According to California Senator Barbara Boxer, 1.8 million existing construction jobs and 1.0 million new construction jobs hang in the balance, while Congress twiddles its thumbs.

Chicago Grand Jury Returns Minority Set Aside Indictments

A federal Grand Jury in Chicago has followed up U. S. Attorney criminal informations with indictments of Elizabeth Perino and Anthony Capello, owners of two sham minority subcontracting firms which posed as woman owned businesses on City of Chicago construction contracts, but passed through more than $200 million of actual work to non-monority or woman owned firms, in violation of set aside rules.
Tracking criminal informations unsealed last month, the indictments accuse three subcontractors on City of Chicago contracts worth millions of dollars of defrauding the taxpayers by falsely claiming to have worked as certified woman owned or disadvantaaged businesses for which a percentage of work is set aside in City of Chicago contracting requirements. Perdel Contracting and Accurate Steel Installers, owned by Elizabeth Perino of Lockport and Diamond Coring, owned by Anthony Cappello of Homer Glen, are accused of submitting false invoices and purchase orders in support of minority and disadvantaged business set aside requirements on City of Chicago contracts with McHugh Construction Company. McHugh has not been accused of wrongdoing in the criminal charges.

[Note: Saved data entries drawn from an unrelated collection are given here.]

text \<open>Each \<open>d\<close> prime to \<open>p\<close> cancels against \<open>p d\<close>; the remaining \<open>d\<close> are divisible by \<open>p\<^sup>2\<close>.\<close>
lemma sum_moebius_square_divisors_eq_0:
  assumes "n > 0" "prime p" "p\<^sup>2 dvd n"
  shows "(\<Sum>d\<in>{d. d\<^sup>2 dvd n}. moebius_mu d) = 0"
proof -
  define A where "A = {d. d\<^sup>2 dvd n}"
  define B where "B = {k. (p * k)\<^sup>2 dvd n}"
  have fin: "finite A"
    unfolding A_def using assms(1) by (rule finite_square_divisors)
  have inj: "inj_on ((*) p) B"
    using assms(2) by (auto simp: inj_on_def prime_gt_0_nat)
  have img: "{d\<in>A. p dvd d} = (*) p ` B"
    unfolding A_def B_def by (auto elim: dvdE)
  have "B \<subseteq> A"
    unfolding A_def B_def by (auto simp: power_mult_distrib dest: dvd_mult_right)
  then have finB: "finite B"
    using fin by (rule finite_subset)
  have coprime_part: "{k\<in>B. \<not> p dvd k} = {d\<in>A. \<not> p dvd d}"
  proof (intro set_eqI iffI)
    fix k assume "k \<in> {k\<in>B. \<not> p dvd k}"
    then show "k \<in> {d\<in>A. \<not> p dvd d}"
      using \<open>B \<subseteq> A\<close> by blast
  next
    fix k assume "k \<in> {d\<in>A. \<not> p dvd d}"
    then have k: "k\<^sup>2 dvd n" "\<not> p dvd k"
      by (auto simp: A_def)
    then have "coprime (p\<^sup>2) (k\<^sup>2)"
      using prime_imp_coprime_nat[OF assms(2)] by simp
    then have "p\<^sup>2 * k\<^sup>2 dvd n"
      using divides_mult[OF assms(3) k(1)] by simp
    then show "k \<in> {k\<in>B. \<not> p dvd k}"
      using k(2) by (simp add: B_def power_mult_distrib)
  qed
  have "(\<Sum>d\<in>{d\<in>A. p dvd d}. moebius_mu d) = (\<Sum>k\<in>B. moebius_mu (p * k))"
    unfolding img by (simp add: sum.reindex[OF inj])
  also have "\<dots> = (\<Sum>k\<in>{k\<in>B. \<not> p dvd k}. moebius_mu (p * k))"
    by (rule sum.mono_neutral_right) (use finB moebius_mu_prime_mult_eq_0[OF assms(2)] in auto)
  also have "\<dots> = (\<Sum>k\<in>{k\<in>B. \<not> p dvd k}. - moebius_mu k)"
  proof (rule sum.cong)
    fix k assume "k \<in> {k\<in>B. \<not> p dvd k}"
    moreover from this have "k > 0"
      using assms(1) by (auto simp: B_def intro!: gr0I)
    ultimately show "moebius_mu (p * k) = - moebius_mu k"
      using moebius_mu_prime_mult[OF assms(2)] by simp
  qed simp
  finally have "(\<Sum>d\<in>{d\<in>A. p dvd d}. moebius_mu d) = - (\<Sum>d\<in>{d\<in>A. \<not> p dvd d}. moebius_mu d)"
    unfolding coprime_part by (simp add: sum_negf)
  moreover have "(\<Sum>d\<in>A. moebius_mu d) =
      (\<Sum>d\<in>{d\<in>A. p dvd d}. moebius_mu d) + (\<Sum>d\<in>{d\<in>A. \<not> p dvd d}. moebius_mu d)"
    using fin by (subst sum.union_disjoint[symmetric]) (auto intro: sum.cong)
  ultimately show ?thesis
    by (simp add: A_def)
qed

Responding to the indictments, Chicago Mayor Rahm Emmanuel pledged to appropriate $11 million for better oversight of the city’ construction set asides.

Construction Spending Gyrations Continue

Commerce Deartment figures released last week show construction spending in the United States down 0.1% overall, with sharp downturns in factory, hotel and power plant construction. A deep decline in federal government construction spending was partly offset by increases in state and local government construction outlays.

Residential building rose 1.8%, led by considerable gains in single family home construction.  The current pace of overall construction spending remains 32% lower than it was at the height of the housing construction boom.

Mayor Emmanuel Announces Chicago Infrastructure Trust

With the think tank promoted concept of revenue stream repayment to private investors in government infrastructure construction projects languishing in legislative limbo in Washington DC and Springfield, Chicago’s newly elected Mayor Rahm Emmanuel has stuck out his neck with the announcement of formation of a Chicago Infrastructure Trust to attract private funding for city building energy retrofits, a rapid ride bus system, and extension of the southern end of the CTA red line light rail service.  Local officials of Citibank and JP Morgan Asset Management have expressed “preliminary non-binding interest” in ivesting in the Trust.

Emmanuel made the announcement in a speech to Carpenter Union trainees at an appresticeship shop March 1, 2012. Acknowledging the ongoing declines in federal and state funding for infrastructure construction, Emmanuel told the aspiring union carpenters “Our needs are growing. I can either look at that challenge, and stare at it hoping it gets better, or do something about it.” Whether the “non-binding interest” by private investors will materialze into real dollars invested remains to be seen.